The best evidence of the value you will find in today's midrange systems is to compare prices to systems in our guide published in January. Our price range then was $1000 to $2000 - stretched to include a Phenom II and Intel Core i7 systems at the top of midrange. This guide is $800 to $1800 and includes all Phenom II systems for AMD and a Core i7 system at the top of the Intel midrange. Generally components are either the same or have been upgraded. The result is comparable complete systems that cost $1150 today that were $1500 just three months ago. That is a price drop of over 20% in a very short time frame.

Certainly, processors and DDR3 memory represent the biggest price drops in the last three months. The always competitive GPU or video card market has also brought us lower prices compared to 3 months ago. Monitors are also getting cheaper, higher resolution, and larger to the point that you will be truly surprised at the low prices if you haven't shopped for monitors in a while. Hard drives also seem to be caught in competitive pricing squeezes and seem to drop a little every time we prepare a new system buyers guide. However, cases, power supplies, optical drives, and I/O devices have changed little over that time frame. Not surprisingly, the OS cost always seems the same if you choose Microsoft.  That could change a little when Windows 7 launches in the future but we could end up with an even more expensive Windows 7 in the future. There is the option to go to Linux, Ubuntu, or some other OS instead, but many will not seriously consider this option. Perhaps they should as the no-cost operating systems do continue to get better and easier to use with each new incarnation.
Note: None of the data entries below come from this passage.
lemma toep_null_truncated_lag_sum:
  fixes h :: "nat \<Rightarrow> 'a::ring_1" and b :: 'a
  assumes "0 < c" and "0 < k" and h_g: "\<And>r. h (r + gcd c k) = h r"
    and h_sum: "(\<Sum>t<gcd c k. h t) = 0"
  defines "n \<equiv> (c - 1) * Suc k + 1" and "y \<equiv> \<lambda>m. if m = 0 then b else h (m - 1)"
  shows "toep_null n k (\<lambda>j. if j < n then lag_sum k y j else 0)"
proof -
  define f where "f j = (if j < n then lag_sum k y j else 0)" for j
  have windows: "(\<Sum>t<q. h (s + t)) = 0" if "gcd c k dvd q" for q s
    using periodic_sum_mult[of h "gcd c k", OF h_g, where q = "q div gcd c k" and s = s] h_sum that
    by simp
  have h_k: "h (r + k) = h r" for r
    by (rule periodic_dvd[of h "gcd c k", OF h_g]) simp
  have top: "lag_sum k y m = 0" if "n \<le> m" "m < n + k" for m
  proof -
    define s where "s = m - n"
    have "s < k" "m = (c - 1) * Suc k + 1 + s" using that unfolding s_def n_def by auto
    then have "lag_sum k y m = (\<Sum>t<c. h (s + t))"
      using lag_sum_last_window[where h = h and y = y, OF assms(1) \<open>s < k\<close> h_k]
      unfolding y_def by simp
    also have "\<dots> = 0" by (rule windows) simp
    finally show ?thesis .
  qed
  have f_lag_sum: "f j = lag_sum k y j" if "j < n + k" for j
    using top[of j] that unfolding f_def by simp
  have lag_diff_f: "lag_diff k f m = y m" if "m < n + k" for m
  proof -
    have "lag_diff k f m = lag_diff k (lag_sum k y) m"
      unfolding lag_diff_def using f_lag_sum that by simp
    then show ?thesis by (simp add: lag_diff_lag_sum)
  qed
  have "(\<Sum>j\<in>{1..k}. lag_diff k f j) = (\<Sum>j\<in>{1..k}. h (j - 1))"
    using lag_diff_f unfolding y_def n_def by (intro sum.cong refl) auto
  also have "\<dots> = (\<Sum>t<k. h t)"
    by (rule sum.reindex_bij_witness[of _ Suc "\<lambda>j. j - 1"]) auto
  also have "\<dots> = 0" using windows[of k 0] by simp
  finally have first: "(\<Sum>j\<in>{1..k}. lag_diff k f j) = 0" .
  have periodic: "lag_diff k f (m + k) = lag_diff k f m" if "1 \<le> m" "m < n" for m
    using that lag_diff_f[of m] lag_diff_f[of "m + k"] h_k[of "m - 1"] unfolding y_def
    by (simp add: add.commute)
  have "\<forall>i<n. toep_row k f i = 0"
    using toep_rows_eq_0_iff[of n k f] first periodic unfolding n_def by auto
  then show ?thesis unfolding toep_null_def f_def by simp
qed
(* Let $n$ be odd and squarefree with $\Omega(n)=3$ and every prime divisor of $n$ at least $7$. Let $p'$ be a prime divisor of $n$ and $A=L(n;p')$. Let $S=(x_1,x_2,x_3)$ be an $A$-extremal sequence for the Davenport constant in $\mathbb{Z}_n$. Then at least one of the following holds: (i) $S$ is equivalent with respect to $A$ to a sequence $(y_1,y_2,y_3)$ with $y_3\neq 0$, $y_3$ divisible by $n'=n/p'$, and such that the image of $(y_1,y_2)$ under the natural map $\mathbb{Z}_n\to\mathbb{Z}_{n'}$ is an $S(n')$-extremal sequence for the Davenport constant; (ii) $S$ is equivalent with respect to $A$ to a sequence $(y_1,y_2,y_3)$ for which there is a prime divisor $p$ of $n$ such that $y_1$ is the only term not divisible by $p$, and, with $n'=n/p$, $T=(y_2,y_3)$ and $T'$ the image of $T$ under the natural map $\mathbb{Z}_n\to\mathbb{Z}_{n'}$, the sequence $T'$ is an $S(n')$-extremal sequence for the Davenport constant; moreover, if $p\neq p'$, then $T'$ is a $U(n')$-extremal sequence for the Davenport constant.
   Context: $\mathbb{Z}_m$ is the integers mod $m$, $U(m)$ its unit group. For nonempty $A\subseteq\mathbb{Z}_m\setminus\{0\}$, a sequence $(x_1,\ldots,x_k)$ is an $A$-weighted zero-sum sequence if $\sum a_ix_i=0$ for some $a_i\in A$; $D_A(m)$ is the least $k$ such that every length-$k$ sequence in $\mathbb{Z}_m$ has a nonempty $A$-weighted zero-sum subsequence; an $A$-extremal sequence for the Davenport constant is a sequence of length $D_A(m)-1$ with no $A$-weighted zero-sum subsequence. For a multiplicative group $A$, $(x_1,\ldots,x_k)$ and $(y_1,\ldots,y_k)$ are equivalent with respect to $A$ if there are $a_i\in A$, a unit $c$ and a permutation $\sigma$ with $y_{\sigma(i)}=c\,a_ix_i$ for all $i$. $\Omega(n)$ is the number of prime factors with multiplicity. For odd $m=\prod p_i^{r_i}$, prime $p\mid m$ and $a\in U(m)$, $\left(\frac{a}{p}\right)$ is the Legendre symbol of the image mod $p$, $\left(\frac{a}{m}\right)=\prod\left(\frac{a}{p_i}\right)^{r_i}$, $S(m)$ is the kernel of $a\mapsto\left(\frac{a}{m}\right)$ on $U(m)$, and $L(m;p')=\{a\in U(m):\left(\frac{a}{m}\right)=\left(\frac{a}{p'}\right)\}$ for a prime $p'\mid m$ (a subgroup of $U(m)$). *)

theory Defs
  imports "HOL-Number_Theory.Number_Theory" "HOL-Computational_Algebra.Squarefree"
    "HOL-Combinatorics.Permutations"
begin
lemma ode_power_derivative:
  fixes h h' h'' :: "real \<Rightarrow> real"
  assumes d2: "(h' has_real_derivative h'' u) (at u within S)"
    and ode: "h'' u * (h' u) ^ (n - 1) = exp (h u) * (sin u) ^ (n - 1)"
  shows "((\<lambda>v. h' v ^ n) has_real_derivative real n * exp (h u) * sin u ^ (n - 1)) (at u within S)"
proof -
  have "((\<lambda>v. h' v ^ n) has_real_derivative real n * (h'' u * h' u ^ (n - 1))) (at u within S)"
    using DERIV_power[OF d2, of n] by (simp add: mult_ac)
  then show ?thesis
    using ode by (simp add: mult.assoc)
qed

lemma ode_derivative_nonzero:
  fixes h h' h'' :: "real \<Rightarrow> real"
  assumes n: "n \<ge> 2" and sin: "sin u \<noteq> 0"
    and ode: "h'' u * (h' u) ^ (n - 1) = exp (h u) * (sin u) ^ (n - 1)"
  shows "h' u \<noteq> 0"
proof
  assume "h' u = 0"
  then have "exp (h u) * sin u ^ (n - 1) = 0"
    using ode n by (simp add: power_0_left)
  then show False
    using sin by simp
qed

text \<open>A solution of the ODE blowing up at r < pi is strictly increasing on [0,r):
  h' never vanishes on (0,r), so it is positive there by the blow-up.\<close>
lemma ode_solution_increasing:
  fixes h h' h'' :: "real \<Rightarrow> real"
  assumes n: "n \<ge> 2" and r: "r < pi"
    and d1: "\<And>u. u \<in> {0..<r} \<Longrightarrow> (h has_real_derivative h' u) (at u within {0..<r})"
    and d2: "\<And>u. u \<in> {0..<r} \<Longrightarrow> (h' has_real_derivative h'' u) (at u within {0..<r})"
    and ode: "\<And>u. u \<in> {0..<r} \<Longrightarrow> h'' u * (h' u) ^ (n - 1) = exp (h u) * (sin u) ^ (n - 1)"
    and blowup: "filterlim h at_top (at_left r)"
    and xy: "0 \<le> x" "x < y" "y < r"
  shows "h x < h y"
proof (rule strictly_increasing_of_pos_derivative[OF d1 _ xy])
  fix u
  assume u: "u \<in> {0<..<r}"
  show "h' u > 0"
  proof (rule derivative_pos_of_blowup[OF d1 _ _ blowup u])
    show "continuous_on {0..<r} h'"
      using d2 by (rule DERIV_continuous_on)
    show "h' v \<noteq> 0" if v: "v \<in> {0<..<r}" for v
    proof (rule ode_derivative_nonzero[OF n, where u = v and h = h and h' = h' and h'' = h''])
      show "sin v \<noteq> 0"
        using sin_gt_zero[of v] v r by auto
      show "h'' v * h' v ^ (n - 1) = exp (h v) * sin v ^ (n - 1)"
        using ode v by auto
    qed
  qed
qed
The current world economic woes are having their impact on the computer industry as well as most other industries. As often happens in difficult economic times price competition often becomes fierce, and the large and strong are more able to play in that environment It is likely that the bad economy will take its toll and some players will cease to exist. That is simple economics, and it is being played very hard right now. That doesn't mean everything is doom and gloom because great values for you are the silver lining to this story. The computer industry has always been about increasing value and bang for your buck. Moore's "Law" may not be exactly in force any more, but there is little doubt that today you can get more for your money than ever in a computer system. Smart buyers who still have a job (or a rich grandmother) will buy now for the value and be rewarded with terrific performance for their investment.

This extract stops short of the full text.